Note: Some areas within the Shelby County Schools coverage area were zoned to Memphis City Schools' Cordova High School (located in an unincorporated area and operated by Memphis City Schools) while being zoned to Shelby County Schools' elementary and middle schools.

Former schools

Secondary schools

High schools 

 Cordova High School – (The school was placed into the Memphis City Schools system in fall 2004) – Cordova High School serves some areas within the Shelby County Schools area that are zoned to Shelby County Schools-operated schools for elementary and middle school.
 Kirby High School – Hickory Hill was annexed by the City of Memphis in December 1998, thus placing the school in the Memphis City Schools system in fall 1999. Kirby primarily serves the southeast area of Memphis going to the current city-unincorporated county boundary line. Outside of this boundary, all schools are zoned to the Shelby County Schools.
 Northside High School – Closed in 2016 due to low enrollment.
 Raleigh-Egypt High School – Annexed with Raleigh in the 1970s. Serves the west and northwest area of Raleigh.

Middle schools 

 Kirby Middle School (Memphis, Tennessee)
 Raleigh-Egypt Middle School (Memphis, Tennessee) – Annexed with Raleigh in the 1970s.

Elementary schools 

 Brownsville Road Elementary
 Capleville Elementary – Former elementary school on Shelby Drive.

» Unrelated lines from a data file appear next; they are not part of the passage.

(* If $n\equiv 0$ or $n\equiv 1\pmod 4$, then $\mathcal{AM}_n$ is generated by $\mathcal{AO}_n\cup\{h\}$.
   Context: Let $n\geqslant 2$, $\Omega_n=\{1<2<\cdots<n\}$ and $\mathcal{I}_n$ the monoid of all partial injective maps of $\Omega_n$, composed left to right. $\mathcal{AI}_n$ is the set of all $\alpha\in\mathcal{I}_n$ with $\alpha=\sigma|_{\mathrm{Dom}(\alpha)}$ for some even permutation $\sigma$; $\mathcal{POI}_n$ (resp. $\mathcal{PMI}_n$) is the set of order-preserving (resp. order-preserving or order-reversing) elements; $\mathcal{AO}_n=\mathcal{AI}_n\cap\mathcal{POI}_n$, $\mathcal{AM}_n=\mathcal{AI}_n\cap\mathcal{PMI}_n$. $h$ is the permutation $i\mapsto n+1-i$ of $\Omega_n$ (which lies in $\mathcal{AM}_n$ when $n\equiv 0,1\pmod 4$). *)

theory Defs
  imports "HOL-Combinatorics.Permutations"
begin

text \<open>Partial injective maps of Omega_n = {1..n}, represented as partial functions
  nat \<rightharpoonup> nat with domain and range inside {1..n}.\<close>

definition PI :: "nat \<Rightarrow> (nat \<rightharpoonup> nat) set" where
  "PI n = {\<alpha>. dom \<alpha> \<subseteq> {1..n} \<and> ran \<alpha> \<subseteq> {1..n} \<and> inj_on \<alpha> (dom \<alpha>)}"

text \<open>Composition left to right: first alpha, then beta.\<close>
definition pcomp :: "(nat \<rightharpoonup> nat) \<Rightarrow> (nat \<rightharpoonup> nat) \<Rightarrow> (nat \<rightharpoonup> nat)" where
  "pcomp \<alpha> \<beta> = \<beta> \<circ>\<^sub>m \<alpha>"

definition AI :: "nat \<Rightarrow> (nat \<rightharpoonup> nat) set" where
  "AI n = {\<alpha> \<in> PI n. \<exists>\<sigma>. \<sigma> permutes {1..n} \<and> evenperm \<sigma> \<and>
                         (\<forall>x \<in> dom \<alpha>. \<alpha> x = Some (\<sigma> x))}"

definition POI :: "nat \<Rightarrow> (nat \<rightharpoonup> nat) set" where
  "POI n = {\<alpha> \<in> PI n. \<forall>x \<in> dom \<alpha>. \<forall>y \<in> dom \<alpha>. x < y \<longrightarrow> the (\<alpha> x) < the (\<alpha> y)}"

definition PMI :: "nat \<Rightarrow> (nat \<rightharpoonup> nat) set" where
  "PMI n = POI n \<union>
     {\<alpha> \<in> PI n. \<forall>x \<in> dom \<alpha>. \<forall>y \<in> dom \<alpha>. x < y \<longrightarrow> the (\<alpha> x) > the (\<alpha> y)}"

definition AO :: "nat \<Rightarrow> (nat \<rightharpoonup> nat) set" where
  "AO n = AI n \<inter> POI n"

definition AM :: "nat \<Rightarrow> (nat \<rightharpoonup> nat) set" where
  "AM n = AI n \<inter> PMI n"

definition hrev :: "nat \<Rightarrow> (nat \<rightharpoonup> nat)" where
  "hrev n = (\<lambda>i. if i \<in> {1..n} then Some (n + 1 - i) else None)"

definition pid :: "nat \<Rightarrow> (nat \<rightharpoonup> nat)" where
  "pid n = (\<lambda>i. if i \<in> {1..n} then Some i else None)"

inductive_set generated :: "nat \<Rightarrow> (nat \<rightharpoonup> nat) set \<Rightarrow> (nat \<rightharpoonup> nat) set"
  for n :: nat and A :: "(nat \<rightharpoonup> nat) set" where
  gen_id: "pid n \<in> generated n A"
| gen_base: "a \<in> A \<Longrightarrow> a \<in> generated n A"
| gen_comp: "a \<in> generated n A \<Longrightarrow> b \<in> generated n A \<Longrightarrow> pcomp a b \<in> generated n A"

end

theory Submission
  imports Defs
begin

text \<open>The reversal h of {1..n} is the product of the floor(n/2) transpositions (i, n+1-i),
  so it is even exactly when n mod 4 is 0 or 1, and then h lies in AM n. An element of AM n
  is either order-preserving, hence in AO n, or order-reversing; in the latter case
  alpha = (alpha h) h, where alpha h is order-preserving and still the restriction of an even
  permutation. Conversely AM n contains the identity and is closed under composition.\<close>

definition rev_interval :: "nat \<Rightarrow> nat \<Rightarrow> nat \<Rightarrow> nat" where
  "rev_interval a k i = (if a \<le> i \<and> i < a + k then 2 * a + k - 1 - i else i)"

lemma rev_interval_involution: "rev_interval a k (rev_interval a k i) = i"
  by (auto simp: rev_interval_def)

lemma rev_interval_permutes: "rev_interval a k permutes {a..<a + k}"
  unfolding permutes_def
proof (intro conjI allI impI)
  fix x assume "x \<notin> {a..<a + k}"
  then show "rev_interval a k x = x" by (auto simp: rev_interval_def)
next
  fix y show "\<exists>!x. rev_interval a k x = y" by (metis rev_interval_involution)
qed

lemma permutation_rev_interval: "permutation (rev_interval a k)"
  using rev_interval_permutes permutation_permutes by blast

lemma rev_interval_add_2:
  "rev_interval a (k + 2) = transpose a (a + k + 1) \<circ> rev_interval (a + 1) k"
  by (auto simp: rev_interval_def transpose_def fun_eq_iff)

lemma evenperm_rev_interval: "evenperm (rev_interval a k) \<longleftrightarrow> even (k div 2)"
proof (induction k arbitrary: a rule: less_induct)
  case (less k)
  show ?case
  proof (cases "k < 2")
    case True
    then have "rev_interval a k = id" by (auto simp: rev_interval_def fun_eq_iff)
    then show ?thesis using True by (auto simp: less_2_cases_iff)
  next
    case False
    then obtain m where m: "k = m + 2" by (metis add.commute le_Suc_ex not_less)
    have "evenperm (rev_interval a k)
        \<longleftrightarrow> (evenperm (transpose a (a + m + 1)) \<longleftrightarrow> evenperm (rev_interval (a + 1) m))"
      unfolding m rev_interval_add_2
      by (rule evenperm_comp) (simp_all add: permutation_rev_interval permutation_swap_id)
    also have "\<dots> \<longleftrightarrow> odd (m div 2)" using less m by (simp add: evenperm_swap)
    finally show ?thesis using m by simp
  qed
qed

lemma hrev_eq_rev_interval:
  "hrev n i = (if i \<in> {1..n} then Some (rev_interval 1 n i) else None)"
  by (auto simp: hrev_def rev_interval_def)

lemma rev_interval_permutes_atLeastAtMost: "rev_interval 1 n permutes {1..n}"
  using rev_interval_permutes[of 1 n] by (simp add: atLeastLessThanSuc_atLeastAtMost)

definition increasing_map :: "(nat \<rightharpoonup> nat) \<Rightarrow> bool" where
  "increasing_map \<alpha> \<longleftrightarrow> (\<forall>x \<in> dom \<alpha>. \<forall>y \<in> dom \<alpha>. x < y \<longrightarrow> the (\<alpha> x) < the (\<alpha> y))"

definition decreasing_map :: "(nat \<rightharpoonup> nat) \<Rightarrow> bool" where
  "decreasing_map \<alpha> \<longleftrightarrow> (\<forall>x \<in> dom \<alpha>. \<forall>y \<in> dom \<alpha>. x < y \<longrightarrow> the (\<alpha> x) > the (\<alpha> y))"

lemma POI_iff: "\<alpha> \<in> POI n \<longleftrightarrow> \<alpha> \<in> PI n \<and> increasing_map \<alpha>"
  by (simp add: POI_def increasing_map_def)

lemma PMI_iff: "\<alpha> \<in> PMI n \<longleftrightarrow> \<alpha> \<in> PI n \<and> (increasing_map \<alpha> \<or> decreasing_map \<alpha>)"
  by (auto simp: PMI_def POI_iff decreasing_map_def)

lemma dom_pcompD:
  assumes "x \<in> dom (pcomp a b)"
  shows "x \<in> dom a" "the (a x) \<in> dom b" "pcomp a b x = b (the (a x))"
  using assms by (auto simp: pcomp_def map_comp_def split: option.splits)

lemma monotone_map_pcomp:
  shows "increasing_map a \<Longrightarrow> increasing_map b \<Longrightarrow> increasing_map (pcomp a b)"
    and "increasing_map a \<Longrightarrow> decreasing_map b \<Longrightarrow> decreasing_map (pcomp a b)"
    and "decreasing_map a \<Longrightarrow> increasing_map b \<Longrightarrow> decreasing_map (pcomp a b)"
    and "decreasing_map a \<Longrightarrow> decreasing_map b \<Longrightarrow> increasing_map (pcomp a b)"
  unfolding increasing_map_def decreasing_map_def by (metis dom_pcompD)+

lemma PI_pcomp:
  assumes "a \<in> PI n" "b \<in> PI n"
  shows "pcomp a b \<in> PI n"
proof -
  have "dom (pcomp a b) \<subseteq> dom a" "ran (pcomp a b) \<subseteq> ran b"
    by (auto simp: pcomp_def map_comp_def dom_def ran_def split: option.splits)
  moreover have "inj_on (pcomp a b) (dom (pcomp a b))"
  proof (rule inj_onI)
    fix x y
    assume x: "x \<in> dom (pcomp a b)" and y: "y \<in> dom (pcomp a b)"
      and eq: "pcomp a b x = pcomp a b y"
    obtain u v where u: "a x = Some u" "u \<in> dom b" and v: "a y = Some v" "v \<in> dom b"
      using dom_pcompD[OF x] dom_pcompD[OF y] by (metis domD option.sel)
    have "b u = b v" using eq dom_pcompD(3)[OF x] dom_pcompD(3)[OF y] u v by simp
    then have "a x = a y" using assms(2) u v unfolding PI_def by (auto dest: inj_onD)
    moreover have "inj_on a (dom a)" using assms(1) by (simp add: PI_def)
    ultimately show "x = y" using u v by (meson domI inj_onD)
  qed
  ultimately show ?thesis using assms unfolding PI_def by blast
qed

lemma AI_pcomp:
  assumes "a \<in> AI n" "b \<in> AI n"
  shows "pcomp a b \<in> AI n"
proof -
  obtain s where s: "s permutes {1..n}" "evenperm s" "\<forall>x \<in> dom a. a x = Some (s x)"
    using assms(1) unfolding AI_def by blast
  obtain t where t: "t permutes {1..n}" "evenperm t" "\<forall>x \<in> dom b. b x = Some (t x)"
    using assms(2) unfolding AI_def by blast
  have "evenperm (t \<circ> s)"
    using s t by (simp add: evenperm_comp permutes_imp_permutation[OF finite_atLeastAtMost])
  moreover have "\<forall>x \<in> dom (pcomp a b). pcomp a b x = Some ((t \<circ> s) x)"
    using s(3) t(3) by (auto simp: pcomp_def map_comp_def dom_def split: option.splits)
  ultimately show ?thesis
    using assms PI_pcomp permutes_compose[OF s(1) t(1)] unfolding AI_def by blast
qed

lemma PMI_pcomp: "a \<in> PMI n \<Longrightarrow> b \<in> PMI n \<Longrightarrow> pcomp a b \<in> PMI n"
  unfolding PMI_iff by (metis PI_pcomp monotone_map_pcomp)

lemma AM_pcomp: "a \<in> AM n \<Longrightarrow> b \<in> AM n \<Longrightarrow> pcomp a b \<in> AM n"
  unfolding AM_def using AI_pcomp PMI_pcomp by blast

lemma pid_in_AM: "pid n \<in> AM n"
proof -
  have PI: "pid n \<in> PI n" by (auto simp: PI_def pid_def dom_def ran_def inj_on_def)
  then have "pid n \<in> AI n"
    by (auto simp: AI_def pid_def split: if_splits intro!: exI[of _ id] permutes_id)
  moreover have "increasing_map (pid n)" by (auto simp: increasing_map_def pid_def dom_def)
  ultimately show ?thesis using PI by (simp add: AM_def PMI_iff)
qed

lemma decreasing_map_hrev: "decreasing_map (hrev n)"
  by (auto simp: decreasing_map_def hrev_def dom_def)

lemma hrev_in_AM:
  assumes "n mod 4 = 0 \<or> n mod 4 = 1"
  shows "hrev n \<in> AM n"
proof -
  have "hrev n \<in> PI n" by (auto simp: PI_def hrev_def dom_def ran_def inj_on_def)
  moreover have "\<forall>x \<in> dom (hrev n). hrev n x = Some (rev_interval 1 n x)"
    by (auto simp: hrev_eq_rev_interval dom_def)
  moreover have "evenperm (rev_interval 1 n)"
    using assms by (simp add: evenperm_rev_interval) presburger
  ultimately show ?thesis
    using rev_interval_permutes_atLeastAtMost decreasing_map_hrev
    by (simp add: AM_def AI_def PMI_iff) blast
qed

lemma pcomp_hrev_hrev:
  assumes "ran \<alpha> \<subseteq> {1..n}"
  shows "pcomp (pcomp \<alpha> (hrev n)) (hrev n) = \<alpha>"
proof
  fix x show "pcomp (pcomp \<alpha> (hrev n)) (hrev n) x = \<alpha> x"
  proof (cases "\<alpha> x")
    case None then show ?thesis by (simp add: pcomp_def)
  next
    case (Some v)
    then have "v \<in> {1..n}" using assms by (auto simp: ran_def)
    then show ?thesis using Some by (auto simp: pcomp_def hrev_def)
  qed
qed

lemma generated_subset:
  assumes "pid n \<in> S" "\<And>a b. a \<in> S \<Longrightarrow> b \<in> S \<Longrightarrow> pcomp a b \<in> S" "A \<subseteq> S"
  shows "generated n A \<subseteq> S"
proof
  fix x assume "x \<in> generated n A"
  then show "x \<in> S" by induction (use assms in auto)
qed

lemma pcomp_hrev_in_AO:
  assumes "\<alpha> \<in> AI n" "decreasing_map \<alpha>" "hrev n \<in> AI n"
  shows "pcomp \<alpha> (hrev n) \<in> AO n"
proof -
  have "pcomp \<alpha> (hrev n) \<in> AI n" using assms(1,3) by (rule AI_pcomp)
  moreover have "increasing_map (pcomp \<alpha> (hrev n))"
    using assms(2) decreasing_map_hrev by (rule monotone_map_pcomp(4))
  ultimately show ?thesis by (simp add: AO_def AI_def POI_iff)
qed

theorem lemma5p1:
  fixes n :: nat
  assumes "n \<ge> 2"
    and "n mod 4 = 0 \<or> n mod 4 = 1"
  shows "AM n = generated n (AO n \<union> {hrev n})"
proof
  have h: "hrev n \<in> AM n" using hrev_in_AM[OF assms(2)] .
  show "generated n (AO n \<union> {hrev n}) \<subseteq> AM n"
    by (rule generated_subset) (use h pid_in_AM AM_pcomp in \<open>auto simp: AO_def AM_def PMI_def\<close>)
  show "AM n \<subseteq> generated n (AO n \<union> {hrev n})"
  proof
    fix \<alpha> assume \<alpha>: "\<alpha> \<in> AM n"
    then consider "\<alpha> \<in> AO n" | "decreasing_map \<alpha>" by (auto simp: AM_def AO_def PMI_iff POI_iff)
    then show "\<alpha> \<in> generated n (AO n \<union> {hrev n})"
    proof cases
      case 1 then show ?thesis by (simp add: generated.gen_base)
    next
      case 2
      with \<alpha> h have "pcomp \<alpha> (hrev n) \<in> AO n" by (simp add: AM_def pcomp_hrev_in_AO)
      then have "pcomp (pcomp \<alpha> (hrev n)) (hrev n) \<in> generated n (AO n \<union> {hrev n})"
        by (simp add: generated.gen_base generated.gen_comp)
      moreover have "ran \<alpha> \<subseteq> {1..n}" using \<alpha> by (simp add: AM_def AI_def PI_def)
      ultimately show ?thesis by (simp add: pcomp_hrev_hrev)
    qed
  qed
qed

end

Building destroyed by fire in 2009.
 Egypt Elementary – Annexed with Raleigh in the 1970s.
 Kate Bond Elementary School – (Kate Bond was placed into the Memphis City Schools system in fall 2004)
 Millington East Elementary School (Merged with Millington South)
 Millington South Elementary School (Merged with Millington East)
 Ross Elementary
 Winchester Elementary – Annexed with Whitehaven in the 1970s.